Scan the records for "functions" and copy each line that contains it.

## Supplied data:

:::::

lemma pairwise_common_nbhd_bound:
  assumes finI: "finite I" and indep: "independent adj I"
  shows "card (\<Union>u\<in>I. \<Union>w\<in>I - {u}. nbhd V adj u \<inter> nbhd V adj w) \<le> card I * card I * d"
proof -
  have "card (\<Union>u\<in>I. \<Union>w\<in>I - {u}. nbhd V adj u \<inter> nbhd V adj w)
      \<le> (\<Sum>u\<in>I. card (\<Union>w\<in>I - {u}. nbhd V adj u \<inter> nbhd V adj w))"
    by (rule card_UN_le[OF finI])
  also have "\<dots> \<le> (\<Sum>u\<in>I. \<Sum>w\<in>I - {u}. card (nbhd V adj u \<inter> nbhd V adj w))"
    using finI by (intro sum_mono card_UN_le) simp
  also have "\<dots> \<le> (\<Sum>u\<in>I. \<Sum>w\<in>I - {u}. d)"
  proof (intro sum_mono)
    fix u w assume "u \<in> I" "w \<in> I - {u}"
    then show "card (nbhd V adj u \<inter> nbhd V adj w) \<le> d"
      using indep unfolding independent_def by (intro common_nbhd_bound) auto
  qed
  also have "\<dots> \<le> (\<Sum>u\<in>I. card I * d)"
    by (intro sum_mono) (simp add: card_Diff1_le mult_le_mono1)
  finally show ?thesis by simp
qed

(* Linear bound in d: every vertex of T lies in the maximum independent set I, in the common
   neighbourhood of two vertices of I (at most d each), or among the private neighbours of one
   vertex of I (at most d each). *)

lemma size_via_maximum_independent:
  assumes T: "T \<subseteq> V" and max: "maximum_independent adj T I"
  shows "card T \<le> card I + card I * card I * d + card I * d"
proof -
  have finT: "finite T" using T finite_V by (rule finite_subset)
  have I: "I \<subseteq> T" "independent adj I" and finI: "finite I"
    using max finT unfolding maximum_independent_def by (auto intro: finite_subset)
  define B where "B u = {t \<in> T - I. adj t u \<and> (\<forall>w\<in>I - {u}. \<not> adj t w)}" for u
  define Y where "Y = (\<Union>u\<in>I. \<Union>w\<in>I - {u}. nbhd V adj u \<inter> nbhd V adj w)"
  have cover: "T \<subseteq> I \<union> Y \<union> (\<Union>u\<in>I. B u)"
  proof
    fix t assume t: "t \<in> T"
    show "t \<in> I \<union> Y \<union> (\<Union>u\<in>I. B u)"
    proof (cases "t \<in> I")
      case False
      then obtain u where u: "u \<in> I" "adj t u"
        using maximum_independent_dominates[OF max _ finT] t by blast
      show ?thesis
      proof (cases "\<exists>w\<in>I - {u}. adj t w")
        case True
        then obtain w where "w \<in> I - {u}" "adj t w" by blast
        then have "t \<in> nbhd V adj u \<inter> nbhd V adj w"
          using u t T adj_sym unfolding nbhd_def by auto
        then show ?thesis using u \<open>w \<in> I - {u}\<close> unfolding Y_def by blast
      next
        case False
        then show ?thesis using u t \<open>t \<notin> I\<close> unfolding B_def by blast
      qed
    qed simp
  qed
  have "card T \<le> card (I \<union> Y \<union> (\<Union>u\<in>I. B u))"
    using cover finI finT by (intro card_mono) (auto simp: Y_def B_def finite_nbhd)
  also have "\<dots> \<le> card (I \<union> Y) + card (\<Union>u\<in>I. B u)" by (rule card_Un_le)
  finally have "card T \<le> card (I \<union> Y) + card (\<Union>u\<in>I. B u)" .
  moreover have "card (I \<union> Y) \<le> card I + card Y" by (rule card_Un_le)
  moreover have "card Y \<le> card I * card I * d"
    unfolding Y_def by (rule pairwise_common_nbhd_bound[OF finI I(2)])
  moreover have "card (\<Union>u\<in>I. B u) \<le> (\<Sum>u\<in>I. card (B u))" by (rule card_UN_le[OF finI])
  moreover have "(\<Sum>u\<in>I. card (B u)) \<le> card I * d"
    using private_nbhd_bound[OF T max] sum_bounded_above[of I "\<lambda>u. card (B u)" d]
    unfolding B_def by simp
  ultimately show ?thesis by linarith
qed

lemma independence_number_bound:
  assumes T: "T \<subseteq> V" and small: "\<And>J. J \<subseteq> T \<Longrightarrow> independent adj J \<Longrightarrow> card J < k"
  shows "card T \<le> k + k * k * d"
proof -
  obtain I where max: "maximum_independent adj T I"
    using maximum_independent_exists T finite_V finite_subset by metis
  have r: "card I < k" using small max unfolding maximum_independent_def by blast
  have "card I * card I * d + card I * d = card I * (card I + 1) * d" by (simp add: algebra_simps)
  also have "\<dots> \<le> k * k * d" using r by (intro mult_le_mono) auto
  finally show ?thesis using size_via_maximum_independent[OF T max] r by linarith
qed

(* If k eps >= 2 and k^2 d < |V|, the vertices of degree >= eps |V| contain no independent
   set of size k (their neighbourhoods would cover more than the |V| + k^2 d available),
   hence there are at most k + k^2 d of them. *)
lemma few_high_degree_vertices:
  fixes \<epsilon> :: real
  assumes k\<epsilon>: "2 \<le> real k * \<epsilon>" and kd: "k * k * d < card V"
  shows "card {v \<in> V. \<epsilon> * card V \<le> card (nbhd V adj v)} \<le> k + k * k * d"
proof (rule independence_number_bound)
  let ?n = "real (card V)"
  fix J assume J: "J \<subseteq> {v \<in> V. \<epsilon> * card V \<le> card (nbhd V adj v)}" "independent adj J"
  show "card J < k"
  proof (rule ccontr)
    assume "\<not> card J < k"
    then obtain J' where J': "J' \<subseteq> J" "card J' = k" "finite J'"
      by (meson obtain_subset_with_card_n not_less)
    have "2 * ?n \<le> real k * \<epsilon> * ?n" using k\<epsilon> by (intro mult_right_mono) auto
    also have "\<dots> = (\<Sum>u\<in>J'. \<epsilon> * ?n)" using J' by simp
    also have "\<dots> \<le> (\<Sum>u\<in>J'. real (card (nbhd V adj u)))" using J J' by (intro sum_mono) auto
    also have "\<dots> = real (\<Sum>u\<in>J'. card (nbhd V adj u))" by simp
    also have "\<dots> \<le> real (card V + k * k * d)"
      using nbhd_sum_bound[OF J'(3) independent_subset[OF J(2) J'(1)]] unfolding J'(2)
      by (simp only: of_nat_le_iff)
    finally have "2 * ?n \<le> ?n + real (k * k * d)" by simp
    moreover have "real (k * k * d) < ?n" using kd by (simp only: of_nat_less_iff)
    ultimately show False by linarith
  qed
qed auto

(* A single vertex is a clique. *)
lemma clique_bound_positive: "V \<noteq> {} \<Longrightarrow> 1 \<le> d"
  using clique_bound[of "{v}" for v] by fastforce

end

definition skeleton_adj :: "nat set set \<Rightarrow> nat \<Rightarrow> nat \<Rightarrow> bool" where
  "skeleton_adj \<Gamma> u v \<longleftrightarrow> u \<noteq> v \<and> {u, v} \<in> \<Gamma>"

lemma finite_vertices: "simplicial_complex \<Gamma> \<Longrightarrow> finite (vertices \<Gamma>)"
  unfolding simplicial_complex_def vertices_def by blast

lemma card_face_le: "simplicial_complex \<Gamma> \<Longrightarrow> F \<in> \<Gamma> \<Longrightarrow> card F \<le> max_face_card \<Gamma>"
  unfolding simplicial_complex_def max_face_card_def by (auto intro: Max_ge)

(* The 1-skeleton of a complex with 1-girth > 4 is clique-bounded by the maximal face size:
   cliques are faces, and the common neighbours of non-adjacent u, w form a clique since
   there is no induced 4-cycle. *)
lemma girth_complex_graph:
  fixes K :: "'k::field itself"
  assumes sc: "simplicial_complex \<Gamma>" and girth: "girth1 K \<Gamma> > 4"
  shows "clique_bounded_graph (vertices \<Gamma>) (skeleton_adj \<Gamma>) (max_face_card \<Gamma>)"
proof (unfold_locales)
  show finV: "finite (vertices \<Gamma>)" by (rule finite_vertices[OF sc])
  show "skeleton_adj \<Gamma> v u" if "skeleton_adj \<Gamma> u v" for u v
    using that by (auto simp: skeleton_adj_def insert_commute)
  show clique: "card C \<le> max_face_card \<Gamma>"
    if C: "C \<subseteq> vertices \<Gamma>" "\<And>p q. p \<in> C \<Longrightarrow> q \<in> C \<Longrightarrow> p \<noteq> q \<Longrightarrow> skeleton_adj \<Gamma> p q" for C
  proof -
    have "finite C" using C(1) finV by (rule finite_subset)
    moreover have "{p, q} \<in> \<Gamma>" if "p \<in> C" "q \<in> C" "p \<noteq> q" for p q
      using C(2)[OF that] by (simp add: skeleton_adj_def)
    ultimately have "C \<in> \<Gamma>" using clique_is_face[OF sc girth_triangle_closed[OF girth]] C(1) by blast
    then show ?thesis by (rule card_face_le[OF sc])
  qed
  fix u w assume uw: "u \<noteq> w" "\<not> skeleton_adj \<Gamma> u w"
  let ?N = "nbhd (vertices \<Gamma>) (skeleton_adj \<Gamma>)"
  show "card (?N u \<inter> ?N w) \<le> max_face_card \<Gamma>"
  proof (rule clique)
    show "?N u \<inter> ?N w \<subseteq> vertices \<Gamma>" by (auto simp: nbhd_def)
    fix p q assume "p \<in> ?N u \<inter> ?N w" "q \<in> ?N u \<inter> ?N w" "p \<noteq> q"
    then have "u \<noteq> p" "u \<noteq> q" "w \<noteq> p" "w \<noteq> q" "{u, p} \<in> \<Gamma>" "{w, p} \<in> \<Gamma>" "{w, q} \<in> \<Gamma>" "{u, q} \<in> \<Gamma>"
      by (simp_all add: nbhd_def skeleton_adj_def)
    then have "distinct [u, p, w, q]" "{u, p} \<in> \<Gamma>" "{p, w} \<in> \<Gamma>" "{w, q} \<in> \<Gamma>" "{q, u} \<in> \<Gamma>"
      using uw(1) \<open>p \<noteq> q\<close> by (simp_all add: insert_commute)
    then have "{u, w} \<in> \<Gamma> \<or> {p, q} \<in> \<Gamma>" by (rule girth_no_induced_square[OF sc girth])
    then show "skeleton_adj \<Gamma> p q" using uw \<open>p \<noteq> q\<close> by (auto simp: skeleton_adj_def)
  qed
qed
(* Let $s>1/2$, $p>0$, let $R_s(x)=\sum_{n=1}^\infty n^{-2s}e^{2\pi i n^2 x}$ on $\mathbb T$, and let $\eta_s(p)=\sup\{\sigma: R_s\in B^{\sigma/p}_{p,\infty}\}$. Then \[ \eta_s(p)=\begin{cases} p(s-1/4), & p\le 4,\\ 1+p(s-1/2), & p>4.\end{cases} \]
   Context: $\mathbb T=\mathbb R/\mathbb Z$, $e_n(x)=e^{2\pi i n x}$. Besov spaces on $\mathbb T$ (for all $p>0$) are defined via Littlewood–Paley blocks: for $f=\sum_n\hat f_ne_n$ and an integer $A\ge2$, let $P_kf=\sum_{A^k\le |n|<A^{k+1}}\hat f_ne_n$ (with the lowest frequencies in the first block); $f\in B^{\sigma}_{p,\infty}$ iff $\sup_{k\in\mathbb N}A^{k\sigma}\|P_kf\|_{L^p(\mathbb T)}<\infty$. *)

theory Defs
  imports "HOL-Analysis.Analysis"
begin

text \<open>Characters e_n(x) = exp(2 pi i n x) on the torus R/Z (functions on R, 1-periodic).\<close>
definition echar :: "int \<Rightarrow> real \<Rightarrow> complex" where
  "echar n x = exp (2 * of_real pi * \<i> * of_real (real_of_int n * x))"

definition fourier_coeff :: "(real \<Rightarrow> complex) \<Rightarrow> int \<Rightarrow> complex" where
  "fourier_coeff f n = (LINT x:{0..1}|lborel. f x * cnj (echar n x))"

definition LP_block_set :: "nat \<Rightarrow> nat \<Rightarrow> int set" where
  "LP_block_set A k =
     (if k = 0 then {n. \<bar>n\<bar> < int A}
      else {n. int A ^ k \<le> \<bar>n\<bar> \<and> \<bar>n\<bar> < int A ^ (k+1)})"
(* Suppose Assumption 1 holds and let $0<\delta<1$. Let $J\subseteq\{1,\dots,q\}$ with $|J|\le q^*$ and $J_0\setminus J\neq\emptyset$, and let $v=\sum_{j\in J_0}v_j$ with $v_j\in V_j$ for $j\in J_0$. On the event $\mathcal E_{\delta,J\cup J_0}$, $$\|\hat\Pi_{J_0}v\|_n^2-\|\hat\Pi_Jv\|_n^2=\|v-\hat\Pi_Jv\|_n^2\ge\frac{1-\delta}{1+\delta}(1-\rho_{q^*}^2)\Big\|\sum_{j\in J_0\setminus J}v_j\Big\|_n^2.$$
   Context: Let $q\ge1$ and let $(Y,X)$ be a pair of random variables with $X=(X_1,\dots,X_q)^T$, each $X_j$ real-valued, and $Y=\sum_{j=1}^q f_j(X_j)+\epsilon$, where $f_j\in L^2(\mathbb P^{X_j})$, $\mathbb E[f_j(X_j)]=0$ for $j=1,\dots,q-1$, and $\epsilon$ is a centered Gaussian variable with variance $\sigma^2$, independent of $X$. The space $L^2(\mathbb P^X)$ carries the inner product $\langle g,h\rangle=\mathbb E[g(X)h(X)]$ and norm $\|g\|=\langle g,g\rangle^{1/2}$. Let $H_q=L^2(\mathbb P^{X_q})$ and $H_j=\{h\in L^2(\mathbb P^{X_j}):\mathbb E[h(X_j)]=0\}$ for $j<q$, viewed as subspaces of $L^2(\mathbb P^X)$ via $x\mapsto h(x_j)$; for $J\subseteq\{1,\dots,q\}$ let $H_J=\sum_{j\in J}H_j$ (with $H_\emptyset=\{0\}$). Let $J_0=\{j:\|f_j\|>0\}$, $s=|J_0|$, and let $q^*$ be an integer with $s\le q^*$. Let $\rho_{q^*}$ be the supremum of $\langle h_1,h_2\rangle/(\|h_1\|\|h_2\|)$ over all nonzero $h_1\in H_{J_1}$, $h_2\in H_{J_2}$ and all $J_1,J_2\subseteq\{1,\dots,q\}$ with $J_1\cap J_2=\emptyset$ and $|J_1|,|J_2|\le q^*$. Assumption 1 is the condition $\rho_{q^*}<1$. For each $j$, $V_j\subseteq H_j$ is a finite-dimensional linear subspace and $V_J=\sum_{j\in J}V_j$. $X^1,\dots,X^n$ are independent copies of $X$. The empirical norm is $\|h\|_n^2=\frac1n\sum_{i=1}^nh(X^i)^2$ for functions and $\|u\|_n^2=\frac1n\|u\|_2^2$ for $u\in\mathbb R^n$. $\hat\Pi_J$ is the orthogonal projection of $\mathbb R^n$ onto $\{(g(X^1),\dots,g(X^n))^T:g\in V_J\}$, and for a function $h$ we write $\hat\Pi_Jh=\hat\Pi_J(h(X^1),\dots,h(X^n))^T$. For $0<\delta<1$ and $J\subseteq\{1,\dots,q\}$, $\mathcal E_{\delta,J}$ is the event that $(1-\delta)\|g\|^2\le\|g\|_n^2\le(1+\delta)\|g\|^2$ for all $g\in V_J$. *)

theory Defs
  imports "HOL-Probability.Probability"
begin
lemma arg_blaschke_has_real_derivative:
  fixes \<theta> :: "real \<Rightarrow> real"
  assumes "isCont \<theta> w" "c \<noteq> 0" "\<forall>a\<in>set as. \<bar>a\<bar> < 1"
    and arg: "\<And>v. of_real c * blaschke as (cis v) = cis (\<theta> v)"
  shows "(\<theta> has_real_derivative - group_delay as (cis w)) (at w)"
proof -
  let ?z = "cis w" and ?G = "\<lambda>v. of_real c * blaschke as (cis v)"
  have "(cis has_vector_derivative \<i> * ?z) (at w)"
    using has_derivative_cis[of "\<lambda>v. v" "\<lambda>t. t"] by (simp add: has_vector_derivative_def)
  moreover have "((\<lambda>z. of_real c * blaschke as z) has_field_derivative
      of_real c * (- blaschke as ?z * of_real (group_delay as ?z) / ?z)) (at ?z)"
    using blaschke_has_field_derivative[of ?z as] assms(3) by (intro DERIV_cmult) simp_all
  ultimately have "(?G has_vector_derivative
      \<i> * ?z * (of_real c * (- blaschke as ?z * of_real (group_delay as ?z) / ?z))) (at w)"
    using field_vector_diff_chain_at by (fastforce simp: o_def)
  from continuous_arg_has_real_derivative[where G = ?G, OF assms(1) arg this]
  moreover have "blaschke as ?z \<noteq> 0" using norm_blaschke[of ?z as] assms(3) by auto
  ultimately show ?thesis using assms(2) by (simp add: field_simps)
qed
(* Let $G$ and $H$ be finite nilpotent groups each of which has at least two non-abelian Sylow subgroups. If $\Gamma_G\cong\Gamma_H$, then $|G|=|H|$.
   Context: For a non-abelian group $G$ with center $Z(G)$, the non-commuting graph $\Gamma_G$ is the simple graph with vertex set $G\setminus Z(G)$ in which two distinct vertices $x,y$ are adjacent if and only if $xy\neq yx$. *)

theory Defs
  imports "HOL-Algebra.Algebra"
begin

definition group_center :: "('a, 'b) monoid_scheme \<Rightarrow> 'a set" where
  "group_center G = {z \<in> carrier G. \<forall>x \<in> carrier G. z \<otimes>\<^bsub>G\<^esub> x = x \<otimes>\<^bsub>G\<^esub> z}"

fun lower_central :: "('a, 'b) monoid_scheme \<Rightarrow> nat \<Rightarrow> 'a set" where
  "lower_central G 0 = carrier G"
| "lower_central G (Suc n) = generate G
     {h \<otimes>\<^bsub>G\<^esub> g \<otimes>\<^bsub>G\<^esub> inv\<^bsub>G\<^esub> h \<otimes>\<^bsub>G\<^esub> inv\<^bsub>G\<^esub> g | h g. h \<in> lower_central G n \<and> g \<in> carrier G}"

definition nilpotent_group :: "('a, 'b) monoid_scheme \<Rightarrow> bool" where
  "nilpotent_group G \<longleftrightarrow> group G \<and> (\<exists>n. lower_central G n = {\<one>\<^bsub>G\<^esub>})"

definition sylow_subgroup :: "('a, 'b) monoid_scheme \<Rightarrow> nat \<Rightarrow> 'a set \<Rightarrow> bool" where
  "sylow_subgroup G p P \<longleftrightarrow> Factorial_Ring.prime p \<and> subgroup P G \<and> (\<exists>a. card P = p ^ a)
     \<and> \<not> p dvd (order G div card P)"

definition nonabelian_subset :: "('a, 'b) monoid_scheme \<Rightarrow> 'a set \<Rightarrow> bool" where
  "nonabelian_subset G P \<longleftrightarrow> (\<exists>x \<in> P. \<exists>y \<in> P. x \<otimes>\<^bsub>G\<^esub> y \<noteq> y \<otimes>\<^bsub>G\<^esub> x)"

definition two_nonabelian_sylows :: "('a, 'b) monoid_scheme \<Rightarrow> bool" where
  "two_nonabelian_sylows G \<longleftrightarrow> (\<exists>p q P Q. sylow_subgroup G p P \<and> sylow_subgroup G q Q \<and> P \<noteq> Q
      \<and> nonabelian_subset G P \<and> nonabelian_subset G Q)"

text \<open>Isomorphism of non-commuting graphs: vertex sets G - Z(G), H - Z(H);
  x, y adjacent iff xy \<noteq> yx (this already forces x \<noteq> y).\<close>
definition noncomm_graph_iso :: "('a, 'b) monoid_scheme \<Rightarrow> ('c, 'd) monoid_scheme \<Rightarrow> bool" where
  "noncomm_graph_iso G H \<longleftrightarrow> (\<exists>f. bij_betw f (carrier G - group_center G) (carrier H - group_center H)
     \<and> (\<forall>x \<in> carrier G - group_center G. \<forall>y \<in> carrier G - group_center G.
          (x \<otimes>\<^bsub>G\<^esub> y \<noteq> y \<otimes>\<^bsub>G\<^esub> x) \<longleftrightarrow> (f x \<otimes>\<^bsub>H\<^esub> f y \<noteq> f y \<otimes>\<^bsub>H\<^esub> f x)))"

end

theory Submission
  imports Defs
begin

:::::

## Solution to this task:
text \<open>Characters e_n(x) = exp(2 pi i n x) on the torus R/Z (functions on R, 1-periodic).\<close>
   Context: Let $q\ge1$ and let $(Y,X)$ be a pair of random variables with $X=(X_1,\dots,X_q)^T$, each $X_j$ real-valued, and $Y=\sum_{j=1}^q f_j(X_j)+\epsilon$, where $f_j\in L^2(\mathbb P^{X_j})$, $\mathbb E[f_j(X_j)]=0$ for $j=1,\dots,q-1$, and $\epsilon$ is a centered Gaussian variable with variance $\sigma^2$, independent of $X$. The space $L^2(\mathbb P^X)$ carries the inner product $\langle g,h\rangle=\mathbb E[g(X)h(X)]$ and norm $\|g\|=\langle g,g\rangle^{1/2}$. Let $H_q=L^2(\mathbb P^{X_q})$ and $H_j=\{h\in L^2(\mathbb P^{X_j}):\mathbb E[h(X_j)]=0\}$ for $j<q$, viewed as subspaces of $L^2(\mathbb P^X)$ via $x\mapsto h(x_j)$; for $J\subseteq\{1,\dots,q\}$ let $H_J=\sum_{j\in J}H_j$ (with $H_\emptyset=\{0\}$). Let $J_0=\{j:\|f_j\|>0\}$, $s=|J_0|$, and let $q^*$ be an integer with $s\le q^*$. Let $\rho_{q^*}$ be the supremum of $\langle h_1,h_2\rangle/(\|h_1\|\|h_2\|)$ over all nonzero $h_1\in H_{J_1}$, $h_2\in H_{J_2}$ and all $J_1,J_2\subseteq\{1,\dots,q\}$ with $J_1\cap J_2=\emptyset$ and $|J_1|,|J_2|\le q^*$. Assumption 1 is the condition $\rho_{q^*}<1$. For each $j$, $V_j\subseteq H_j$ is a finite-dimensional linear subspace and $V_J=\sum_{j\in J}V_j$. $X^1,\dots,X^n$ are independent copies of $X$. The empirical norm is $\|h\|_n^2=\frac1n\sum_{i=1}^nh(X^i)^2$ for functions and $\|u\|_n^2=\frac1n\|u\|_2^2$ for $u\in\mathbb R^n$. $\hat\Pi_J$ is the orthogonal projection of $\mathbb R^n$ onto $\{(g(X^1),\dots,g(X^n))^T:g\in V_J\}$, and for a function $h$ we write $\hat\Pi_Jh=\hat\Pi_J(h(X^1),\dots,h(X^n))^T$. For $0<\delta<1$ and $J\subseteq\{1,\dots,q\}$, $\mathcal E_{\delta,J}$ is the event that $(1-\delta)\|g\|^2\le\|g\|_n^2\le(1+\delta)\|g\|^2$ for all $g\in V_J$. *)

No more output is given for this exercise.